…Иоганнес… — Персонаж пьесы Гауптмана «Одинокие».
Николай Николаевич — Соколовский. Книппер писала, что советуется с ним о своей роли: «Он Елену так же понимает, как я первоначально, а я ему верю».
2932. М. П. ЧЕХОВОЙ
1 ноября 1899 г.
Печатается по автографу (ГБЛ). Впервые опубликовано: ПССП, т. XVIII, стр. 251–252.
Открытка. Год устанавливается по почтовым штемпелям: Ялта. 2 XI 1899; Москва. 5 XI 1899.
Ответ на письмо М. П. Чеховой от 28 октября 1899 г.; М. П. Чехова ответила 5 ноября (Письма М. Чеховой, стр. 125–126 и 130–132).

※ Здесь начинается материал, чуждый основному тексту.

(* Let $d\in\mathbb Z$ and let $P:k((z))\to k((z))$ be a $k$-linear operator of the form $P(\sum_\beta c_\beta z^\beta)=\sum_\beta c_\beta\sum_{i\ge0}p_i(\beta)z^{\beta+d+i}$ with $p_0(\beta)=1$ for all $\beta$ and each $p_i(\beta)$ a polynomial in $\beta$. For integers $\alpha\ge0$ write $P^\alpha(\sum_\beta c_\beta z^\beta)=\sum_\beta c_\beta\sum_{i\ge0}p_i(\alpha,\beta)z^{\beta+\alpha d+i}$. Then for every $i$, $p_i(\alpha,\beta)$ is given by a polynomial in $\alpha$ and $\beta$.
   Context: $k$ is a field of characteristic zero. The coefficients $p_i(\alpha,\beta)$ are defined for integers $\alpha\ge0,\beta$ by the displayed expansion of the $\alpha$-th power of $P$ (so $p_i(1,\beta)=p_i(\beta)$, $p_0(0,\beta)=1$, $p_i(0,\beta)=0$ for $i>0$). *)

theory Defs
  imports "HOL-Computational_Algebra.Formal_Laurent_Series"
begin

text \<open>The operator P on k((z)) determined by the shift d and the coefficient
  polynomials p i:  P(sum_b c_b z^b) = sum_b c_b sum_i (p i)(b) z^(b+d+i).\<close>

definition laurent_op_coeffs ::
  "int \<Rightarrow> (nat \<Rightarrow> 'a::comm_ring_1 poly) \<Rightarrow> 'a fls \<Rightarrow> int \<Rightarrow> 'a" where
  "laurent_op_coeffs d p f n =
     (\<Sum>b\<in>{fls_subdegree f..n - d}. fls_nth f b * poly (p (nat (n - d - b))) (of_int b))"

lemma laurent_op_coeffs_wd:
  "laurent_op_coeffs d p f \<in> {g. \<forall>\<^sub>\<infinity> n::nat. g (- int n) = 0}"
proof -
  have "\<forall>n > nat (\<bar>d\<bar> + \<bar>fls_subdegree f\<bar>). laurent_op_coeffs d p f (- int n) = 0"
    by (auto simp: laurent_op_coeffs_def)
  then show ?thesis by (auto simp: MOST_nat)
qed

definition laurent_op :: "int \<Rightarrow> (nat \<Rightarrow> 'a::comm_ring_1 poly) \<Rightarrow> 'a fls \<Rightarrow> 'a fls" where
  "laurent_op d p f = Abs_fls (laurent_op_coeffs d p f)"

lemma fls_nth_laurent_op:
  "fls_nth (laurent_op d p f) n = laurent_op_coeffs d p f n"
  using laurent_op_coeffs_wd[of d p f]
  by (simp add: laurent_op_def Abs_fls_inverse)

definition pcoeff :: "int \<Rightarrow> (nat \<Rightarrow> 'a::comm_ring_1 poly) \<Rightarrow> nat \<Rightarrow> nat \<Rightarrow> int \<Rightarrow> 'a" where
  "pcoeff d p i \<alpha> \<beta> = fls_nth ((laurent_op d p ^^ \<alpha>) (fls_X_intpow \<beta>)) (\<beta> + int \<alpha> * d + int i)"

end

theory Submission
  imports Defs
begin

(* Write F_alpha = P^alpha(z^beta).  Since P raises the order of a
   series by exactly d, F_alpha vanishes below z^(beta + alpha d), and reading off
   the coefficient of z^(beta + (alpha+1) d + i) in P(F_alpha) gives, using p_0 = 1,

     p_i(alpha+1,beta) = p_i(alpha,beta)
                         + sum_{j<i} p_j(alpha,beta) * p_{i-j}(beta + alpha d + j).

   Unrolling in alpha, p_i(alpha,beta) is delta_{i0} plus a discrete sum over
   a < alpha of an expression built from the p_j (j < i), which by induction on i
   are polynomials in (a,beta).  Discrete summation preserves polynomiality
   (Faulhaber: sum_{t<x} t^k is a polynomial in x over a field of characteristic 0). *)

section \<open>Polynomial functions of two variables\<close>

definition poly_fun2 :: "(nat \<Rightarrow> int \<Rightarrow> 'a::comm_ring_1) \<Rightarrow> bool" where
  "poly_fun2 f \<longleftrightarrow> (\<exists>Q. \<forall>x y. f x y = poly (poly Q [:of_int y:]) (of_nat x))"

lemma poly_fun2_const: "poly_fun2 (\<lambda>x y. c)"
  unfolding poly_fun2_def by (rule exI[of _ "[:[:c:]:]"]) simp

lemma poly_fun2_fst: "poly_fun2 (\<lambda>x y. of_nat x)"
  unfolding poly_fun2_def by (rule exI[of _ "[:[:0, 1:]:]"]) simp

lemma poly_fun2_snd: "poly_fun2 (\<lambda>x y. of_int y)"
  unfolding poly_fun2_def by (rule exI[of _ "[:0, 1:]"]) simp

lemma poly_fun2_add: "poly_fun2 f \<Longrightarrow> poly_fun2 g \<Longrightarrow> poly_fun2 (\<lambda>x y. f x y + g x y)"
  unfolding poly_fun2_def by (metis poly_add)

lemma poly_fun2_mult: "poly_fun2 f \<Longrightarrow> poly_fun2 g \<Longrightarrow> poly_fun2 (\<lambda>x y. f x y * g x y)"
  unfolding poly_fun2_def by (metis poly_mult)

lemma poly_fun2_sum:
  "finite A \<Longrightarrow> (\<And>a. a \<in> A \<Longrightarrow> poly_fun2 (f a)) \<Longrightarrow> poly_fun2 (\<lambda>x y. \<Sum>a\<in>A. f a x y)"
  by (induction A rule: finite_induct) (auto intro: poly_fun2_add poly_fun2_const)

lemma poly_fun2_power: "poly_fun2 f \<Longrightarrow> poly_fun2 (\<lambda>x y. f x y ^ k)"
  by (induction k) (auto intro: poly_fun2_mult poly_fun2_const)

lemma poly_fun2_poly: "poly_fun2 f \<Longrightarrow> poly_fun2 (\<lambda>x y. poly r (f x y))"
  by (induction r) (simp_all add: poly_fun2_add poly_fun2_mult poly_fun2_const)

lemma poly_fun2_cong: "poly_fun2 f \<Longrightarrow> (\<And>x y. g x y = f x y) \<Longrightarrow> poly_fun2 g"
  unfolding poly_fun2_def by metis

lemma poly_eq_sum_upto:
  fixes p :: "'a::comm_semiring_1 poly"
  assumes "degree p \<le> N"
  shows "poly p x = (\<Sum>i\<le>N. coeff p i * x ^ i)"
proof -
  have "(\<Sum>i\<le>degree p. coeff p i * x ^ i) = (\<Sum>i\<le>N. coeff p i * x ^ i)"
    using assms by (intro sum.mono_neutral_left) (auto simp: coeff_eq_0)
  then show ?thesis by (simp add: poly_altdef)
qed

lemma poly_fun2_normal_form:
  assumes "poly_fun2 f"
  shows "\<exists>(N::nat) c. \<forall>x y. f x y = (\<Sum>a\<le>N. \<Sum>b\<le>N. c a b * of_nat x ^ a * of_int y ^ b)"
proof -
  obtain Q where Q: "\<And>x y. f x y = poly (poly Q [:of_int y:]) (of_nat x)"
    using assms unfolding poly_fun2_def by blast
  define N where "N = degree Q + (\<Sum>b\<le>degree Q. degree (coeff Q b))"
  have deg_Q: "degree Q \<le> N" unfolding N_def by simp
  have deg_coeff: "degree (coeff Q b) \<le> N" for b
  proof (cases "b \<le> degree Q")
    case True
    then have "degree (coeff Q b) \<le> (\<Sum>b\<le>degree Q. degree (coeff Q b))"
      by (intro member_le_sum) auto
    then show ?thesis unfolding N_def by simp
  qed (simp add: coeff_eq_0)
  have "f x y = (\<Sum>a\<le>N. \<Sum>b\<le>N. coeff (coeff Q b) a * of_nat x ^ a * of_int y ^ b)" for x y
  proof -
    have "f x y = poly (\<Sum>b\<le>N. coeff Q b * [:of_int y:] ^ b) (of_nat x)"
      unfolding Q using poly_eq_sum_upto[OF deg_Q] by metis
    also have "\<dots> = (\<Sum>b\<le>N. \<Sum>a\<le>N. coeff (coeff Q b) a * of_nat x ^ a * of_int y ^ b)"
      by (simp add: poly_sum poly_power poly_eq_sum_upto[OF deg_coeff] sum_distrib_right)
    also have "\<dots> = (\<Sum>a\<le>N. \<Sum>b\<le>N. coeff (coeff Q b) a * of_nat x ^ a * of_int y ^ b)"
      by (rule sum.swap)
    finally show ?thesis .
  qed
  then show ?thesis by (intro exI[of _ N] exI[of _ "\<lambda>a b. coeff (coeff Q b) a"]) simp
qed

section \<open>Discrete summation preserves polynomiality\<close>

text \<open>Telescoping (t+1)^(k+1) - t^(k+1)
  expresses x^(k+1) through the power sums of exponent at most k, and the top one has
  the invertible coefficient k+1 (characteristic 0).\<close>

lemma power_sum_poly_fun2: "poly_fun2 (\<lambda>x (y::int). (\<Sum>t<x. of_nat t ^ k) :: 'a::field_char_0)"
proof (induction k rule: less_induct)
  case (less k)
  define S where "S j x = (\<Sum>t<x. of_nat t ^ j :: 'a)" for j x
  have telescope: "of_nat x ^ Suc k = (\<Sum>j\<le>k. of_nat (Suc k choose j) * S j x)" for x
  proof -
    have "of_nat x ^ Suc k = (\<Sum>t<x. (of_nat (Suc t) ^ Suc k - of_nat t ^ Suc k :: 'a))"
      by (subst sum_lessThan_telescope[where f = "\<lambda>t. of_nat t ^ Suc k"]) simp
    also have "\<dots> = (\<Sum>t<x. \<Sum>j\<le>k. of_nat (Suc k choose j) * of_nat t ^ j)"
    proof (rule sum.cong[OF refl])
      fix t
      have "(of_nat t + 1 :: 'a) ^ Suc k
          = (\<Sum>j\<le>Suc k. of_nat (Suc k choose j) * of_nat t ^ j * 1 ^ (Suc k - j))"
        by (rule binomial_ring)
      then show "(of_nat (Suc t) ^ Suc k - of_nat t ^ Suc k :: 'a)
          = (\<Sum>j\<le>k. of_nat (Suc k choose j) * of_nat t ^ j)"
        by (simp add: algebra_simps)
    qed
    also have "\<dots> = (\<Sum>j\<le>k. of_nat (Suc k choose j) * S j x)"
      unfolding S_def by (subst sum.swap) (simp add: sum_distrib_left)
    finally show ?thesis .
  qed
  have solved: "S k x = (of_nat x ^ Suc k + (-1) * (\<Sum>j<k. of_nat (Suc k choose j) * S j x))
                        * (1 / of_nat (Suc k))" for x
  proof -
    have "of_nat x ^ Suc k = (\<Sum>j<k. of_nat (Suc k choose j) * S j x) + of_nat (Suc k) * S k x"
      unfolding telescope by (simp add: lessThan_Suc_atMost[symmetric])
    then show ?thesis by (simp add: field_simps del: of_nat_Suc)
  qed
  have "poly_fun2 (\<lambda>x (y::int). (of_nat x ^ Suc k + (-1) * (\<Sum>j<k. of_nat (Suc k choose j) * S j x))
                               * (1 / of_nat (Suc k) :: 'a))"
    using less unfolding S_def
    by (intro poly_fun2_mult poly_fun2_add poly_fun2_power poly_fun2_fst poly_fun2_const
        poly_fun2_sum) auto
  then show ?case by (rule poly_fun2_cong) (use solved in \<open>simp add: S_def\<close>)
qed

lemma poly_fun2_discrete_sum:
  assumes "poly_fun2 (f :: nat \<Rightarrow> int \<Rightarrow> 'a::field_char_0)"
  shows "poly_fun2 (\<lambda>x y. \<Sum>t<x. f t y)"
proof -
  obtain N c where f: "\<And>x y. f x y = (\<Sum>a\<le>N. \<Sum>b\<le>N. c a b * of_nat x ^ a * of_int y ^ b)"
    using poly_fun2_normal_form[OF assms] by blast
  have "(\<Sum>t<x. f t y) = (\<Sum>a\<le>N. \<Sum>b\<le>N. c a b * (\<Sum>t<x. of_nat t ^ a) * of_int y ^ b)" for x y
    unfolding f
    by (simp add: sum.swap[of _ "{..<x}"] sum_distrib_left sum_distrib_right mult.assoc)
  moreover have "poly_fun2 (\<lambda>x y. \<Sum>a\<le>N. \<Sum>b\<le>N. c a b * (\<Sum>t<x. of_nat t ^ a) * of_int y ^ b :: 'a)"
    by (intro poly_fun2_sum poly_fun2_mult poly_fun2_const power_sum_poly_fun2
        poly_fun2_power poly_fun2_snd) auto
  ultimately show ?thesis by simp
qed

section \<open>The coefficients of P^alpha(z^beta)\<close>

lemma laurent_op_coeffs_from:
  assumes "\<And>b. b < m \<Longrightarrow> fls_nth f b = 0"
  shows "laurent_op_coeffs d p f n
           = (\<Sum>b\<in>{m..n-d}. fls_nth f b * poly (p (nat (n - d - b))) (of_int b))"
proof -
  let ?g = "\<lambda>b. fls_nth f b * poly (p (nat (n - d - b))) (of_int b)"
  let ?s = "fls_subdegree f"
  have "sum ?g {?s..n-d} = sum ?g {min m ?s..n-d}"
    by (intro sum.mono_neutral_left) auto
  moreover have "sum ?g {m..n-d} = sum ?g {min m ?s..n-d}"
    by (intro sum.mono_neutral_left) (auto simp: assms)
  ultimately show ?thesis unfolding laurent_op_coeffs_def by simp
qed

lemma laurent_op_power_vanishes:
  "n < \<beta> + int \<alpha> * d \<Longrightarrow> fls_nth ((laurent_op d p ^^ \<alpha>) (fls_X_intpow \<beta>)) n = 0"
proof (induction \<alpha> arbitrary: n)
  case (Suc \<alpha>)
  have "fls_nth ((laurent_op d p ^^ Suc \<alpha>) (fls_X_intpow \<beta>)) n
      = (\<Sum>b\<in>{\<beta> + int \<alpha> * d..n-d}.
           fls_nth ((laurent_op d p ^^ \<alpha>) (fls_X_intpow \<beta>)) b * poly (p (nat (n - d - b))) (of_int b))"
    unfolding funpow.simps o_apply fls_nth_laurent_op
    by (rule laurent_op_coeffs_from) (rule Suc.IH)
  also have "\<dots> = 0" using Suc.prems by (simp add: algebra_simps)
  finally show ?case .
qed simp

lemma sum_int_interval_shift: "(\<Sum>b\<in>{m..m + int i}. g b) = (\<Sum>j\<le>i. g (m + int j))"
proof -
  have "{m..m + int i} = (\<lambda>j. m + int j) ` {..i}"
  proof (intro set_eqI iffI)
    fix b assume "b \<in> {m..m + int i}"
    then show "b \<in> (\<lambda>j. m + int j) ` {..i}"
      by (intro image_eqI[of _ _ "nat (b - m)"]) auto
  qed auto
  moreover have "inj_on (\<lambda>j. m + int j) {..i}" by (auto simp: inj_on_def)
  ultimately show ?thesis by (simp add: sum.reindex)
qed

lemma pcoeff_Suc:
  "pcoeff d p i (Suc \<alpha>) \<beta>
     = (\<Sum>j\<le>i. pcoeff d p j \<alpha> \<beta> * poly (p (i - j)) (of_int (\<beta> + int \<alpha> * d + int j)))"
proof -
  define F where "F = (laurent_op d p ^^ \<alpha>) (fls_X_intpow \<beta>)"
  define m where "m = \<beta> + int \<alpha> * d"
  have F_low: "\<And>b. b < m \<Longrightarrow> fls_nth F b = 0"
    unfolding F_def m_def by (rule laurent_op_power_vanishes)
  have shift: "\<beta> + int (Suc \<alpha>) * d + int i = m + int i + d"
    unfolding m_def by (simp add: algebra_simps)
  have "pcoeff d p i (Suc \<alpha>) \<beta> = laurent_op_coeffs d p F (m + int i + d)"
    unfolding pcoeff_def shift by (simp add: fls_nth_laurent_op F_def)
  also have "\<dots> = (\<Sum>b\<in>{m..m + int i}. fls_nth F b * poly (p (nat (m + int i - b))) (of_int b))"
    using laurent_op_coeffs_from[of m F d p "m + int i + d", OF F_low] by simp
  also have "\<dots> = (\<Sum>j\<le>i. fls_nth F (m + int j) * poly (p (i - j)) (of_int (m + int j)))"
  proof (unfold sum_int_interval_shift, rule sum.cong[OF refl])
    fix j assume "j \<in> {..i}"
    then have "nat (m + int i - (m + int j)) = i - j" by simp
    then show "fls_nth F (m + int j) * poly (p (nat (m + int i - (m + int j)))) (of_int (m + int j))
        = fls_nth F (m + int j) * poly (p (i - j)) (of_int (m + int j))" by simp
  qed
  also have "\<dots> = (\<Sum>j\<le>i. pcoeff d p j \<alpha> \<beta> * poly (p (i - j)) (of_int (\<beta> + int \<alpha> * d + int j)))"
    unfolding pcoeff_def F_def m_def ..
  finally show ?thesis .
qed

text \<open>Unrolling the recurrence in alpha, using p_0 = 1 so that the j = i term is p_i(alpha,beta):
  p_i(alpha,beta) is delta_{i0} plus a discrete sum involving only the p_j with j < i.\<close>

lemma pcoeff_unrolled:
  assumes "p 0 = 1"
  shows "pcoeff d p i \<alpha> \<beta> = (if i = 0 then 1 else 0) +
    (\<Sum>a<\<alpha>. \<Sum>j<i. pcoeff d p j a \<beta> * poly (p (i - j)) (of_int (\<beta> + int a * d + int j)))"
proof (induction \<alpha>)
  case (Suc \<alpha>)
  have "{..i} = insert i {..<i}" by auto
  then have "pcoeff d p i (Suc \<alpha>) \<beta> = pcoeff d p i \<alpha> \<beta> +
      (\<Sum>j<i. pcoeff d p j \<alpha> \<beta> * poly (p (i - j)) (of_int (\<beta> + int \<alpha> * d + int j)))"
    by (simp add: pcoeff_Suc assms)
  then show ?case using Suc by simp
qed (simp add: pcoeff_def)

lemma pcoeff_poly_fun2:
  fixes p :: "nat \<Rightarrow> 'a::field_char_0 poly"
  assumes "p 0 = 1"
  shows "poly_fun2 (pcoeff d p i)"
proof (induction i rule: less_induct)
  case (less i)
  have summand: "poly_fun2 (\<lambda>a \<beta>. \<Sum>j<i. pcoeff d p j a \<beta>
                   * poly (p (i - j)) (of_int \<beta> + of_nat a * of_int d + of_nat j))"
    using less
    by (intro poly_fun2_sum poly_fun2_mult poly_fun2_poly poly_fun2_add poly_fun2_snd
        poly_fun2_fst poly_fun2_const) auto
  have "poly_fun2 (\<lambda>\<alpha> \<beta>. (if i = 0 then 1 else 0) + (\<Sum>a<\<alpha>. \<Sum>j<i. pcoeff d p j a \<beta>
          * poly (p (i - j)) (of_int \<beta> + of_nat a * of_int d + of_nat j)))"
    by (intro poly_fun2_add poly_fun2_const poly_fun2_discrete_sum[OF summand])
  then show ?case
    by (rule poly_fun2_cong) (subst pcoeff_unrolled[where p = p, OF assms], simp)
qed

theorem lemma7p1:
  fixes d :: int and p :: "nat \<Rightarrow> 'a::field_char_0 poly"
  assumes "p 0 = 1"
  shows "\<forall>i. \<exists>(N::nat) (c :: nat \<Rightarrow> nat \<Rightarrow> 'a). \<forall>(\<alpha>::nat) (\<beta>::int).
           pcoeff d p i \<alpha> \<beta> = (\<Sum>a\<le>N. \<Sum>b\<le>N. c a b * of_nat \<alpha> ^ a * of_int \<beta> ^ b)"
  using poly_fun2_normal_form[OF pcoeff_poly_fun2[where p = p, OF assms]] by blast

end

…денежный перевод (3500) получил… — Речь идет о продаже Мелихова. М. П. Чехова писала 31 октября: «Милый Антоша, вчера была совершена купчая. По векселю получила 4 тысячи, остальную тысячу получу 4 ноября. Вчера послала тебе 3500 через Государственный банк на казначейство. Во время совершения купчей всё время со мной был Коновицер, без него было бы весьма трудно!» (там же, стр. 127).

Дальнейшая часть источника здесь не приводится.